Durante esta época en que predominan las reuniones familiares, los abrazos y los reencuentros, también hay quienes enfrentan el dolor silencioso de la ausencia, el recuerdo de quienes ya no están y la nostalgia que deja ver esa silla vacía. Ese sentimiento, aparentemente pasajero, puede convertirse sin darse cuenta en una tristeza profunda y en depresión.
Así lo advirtió Ángel García Rodríguez, director del Hospital Amparo Pape de Benavides, al hacer un llamado urgente a estar atentos a las conductas de familiares y personas cercanas, especialmente en estas fechas.
“Es un tema de alerta. Debemos detectar a tiempo cualquier síntoma de depresión, porque puede escalar de manera imperceptible hacia una situación grave”, explicó el especialista.
García Rodríguez mencionó que, desde el área de salud mental, se recomienda no victimizar a quien ha atravesado por un intento de suicidio, ni repetir preguntas que puedan revivir el dolor o activar emociones que lleven a un nuevo episodio.

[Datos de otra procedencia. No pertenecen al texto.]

lemma rat_adjoin_inverse:
  fixes s :: "'a::field_char_0"
  assumes "s * s = of_rat d" "s \<notin> \<rat>"
  shows "inverse (of_rat u + of_rat v * s) \<in> rat_adjoin s"
proof (cases "v = 0")
  case True
  then show ?thesis
    using rat_adjoinI[of "inverse u" 0 s] by (simp add: of_rat_inverse)
next
  case False
  define N where "N = u * u - v * v * d"
  have "N \<noteq> 0"
  proof
    assume "N = 0"
    with \<open>v \<noteq> 0\<close> have "(s - of_rat (u / v)) * (s + of_rat (u / v)) = 0"
      by (simp add: N_def algebra_simps field_simps assms(1) flip: of_rat_mult)
    then have "s \<in> \<rat>"
      by (metis Rats_minus_iff Rats_of_rat eq_neg_iff_add_eq_0 mult_eq_0_iff right_minus_eq)
    with assms(2) show False ..
  qed
  have "u * (u / N) + v * (- v / N) * d = (u * u - v * v * d) / N"
    by (simp add: diff_divide_distrib)
  also have "\<dots> = 1"
    using \<open>N \<noteq> 0\<close> by (simp add: N_def[symmetric])
  finally have "u * (u / N) + v * (- v / N) * d = 1" .
  moreover have "u * (- v / N) + v * (u / N) = 0"
    by (simp add: field_simps)
  ultimately have "(of_rat u + of_rat v * s) * (of_rat (u / N) + of_rat (- v / N) * s) = 1"
    unfolding rat_adjoin_mult[OF assms(1)] by simp
  then have "inverse (of_rat u + of_rat v * s) = of_rat (u / N) + of_rat (- v / N) * s"
    by (rule inverse_unique)
  then show ?thesis
    by (simp add: rat_adjoinI)
qed

lemma is_subfield_rat_adjoin:
  fixes s :: "'a::field_char_0"
  assumes "s\<^sup>2 \<in> \<rat>" "s \<notin> \<rat>"
  shows "is_subfield (rat_adjoin s)"
  unfolding is_subfield_def
proof (intro conjI ballI)
  obtain d where d: "s * s = of_rat d"
    using assms(1) by (metis Rats_cases power2_eq_square)
  show "1 \<in> rat_adjoin s"
    using rat_adjoinI[of 1 0 s] by simp
  fix x y assume "x \<in> rat_adjoin s" "y \<in> rat_adjoin s"
  then obtain u v u' v' where xy: "x = of_rat u + of_rat v * s" "y = of_rat u' + of_rat v' * s"
    unfolding rat_adjoin_def by blast
  then have "x - y = of_rat (u - u') + of_rat (v - v') * s"
    by (simp add: of_rat_diff algebra_simps)
  then show "x - y \<in> rat_adjoin s"
    by (simp add: rat_adjoinI)
  show "x * y \<in> rat_adjoin s"
    unfolding xy rat_adjoin_mult[OF d] by (rule rat_adjoinI)
  show "inverse x \<in> rat_adjoin s"
    unfolding xy by (rule rat_adjoin_inverse[OF d assms(2)])
qed

lemma rat_adjoin_conj_power:
  fixes s :: "'a::field_char_0"
  assumes "s\<^sup>2 \<in> \<rat>"
  shows "\<exists>X Y. (of_rat u + of_rat v * s) ^ n = of_rat X + of_rat Y * s \<and>
                (of_rat u - of_rat v * s) ^ n = of_rat X - of_rat Y * s"
proof (induction n)
  case 0
  then show ?case by (intro exI[of _ 1] exI[of _ 0]) simp
next
  case (Suc n)
  obtain d where d: "s * s = of_rat d"
    using assms by (metis Rats_cases power2_eq_square)
  from Suc obtain X Y where
    IH: "(of_rat u + of_rat v * s) ^ n = of_rat X + of_rat Y * s"
        "(of_rat u - of_rat v * s) ^ n = of_rat X - of_rat Y * s" by blast
  have "(of_rat u + of_rat v * s) * (of_rat X + of_rat Y * s) =
      of_rat (u * X + v * Y * d) + of_rat (u * Y + v * X) * s"
    "(of_rat u - of_rat v * s) * (of_rat X - of_rat Y * s) =
      of_rat (u * X + v * Y * d) - of_rat (u * Y + v * X) * s"
    by (simp_all add: of_rat_add of_rat_mult algebra_simps flip: d)
  then show ?case
    unfolding power_Suc IH by blast
qed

En el hospital, explicó, se realizan tres preguntas clave al atender a alguien en esta situación: ¿Se siente defraudado por no haber logrado quitarse la vida?, ¿Está pensando en intentarlo nuevamente?, ¿Cuáles fueron los motivos que lo llevaron a autolesionarse?.
Este tipo de evaluación permite brindar un acompañamiento más humano y profesional, evitando juicios o estigmas.
El director también destacó que la nostalgia navideña puede ser un detonante: “Desde un momento aparentemente bonito, como una convivencia familiar, al notar la ausencia de un ser querido, se despiertan emociones que pueden convertirse en depresión”.
Finalmente, hizo un llamado a la empatía, al acompañamiento y sobre todo, a permitir que personal capacitado en salud mental sea quien oriente y apoye a quienes se encuentran en un estado vulnerable.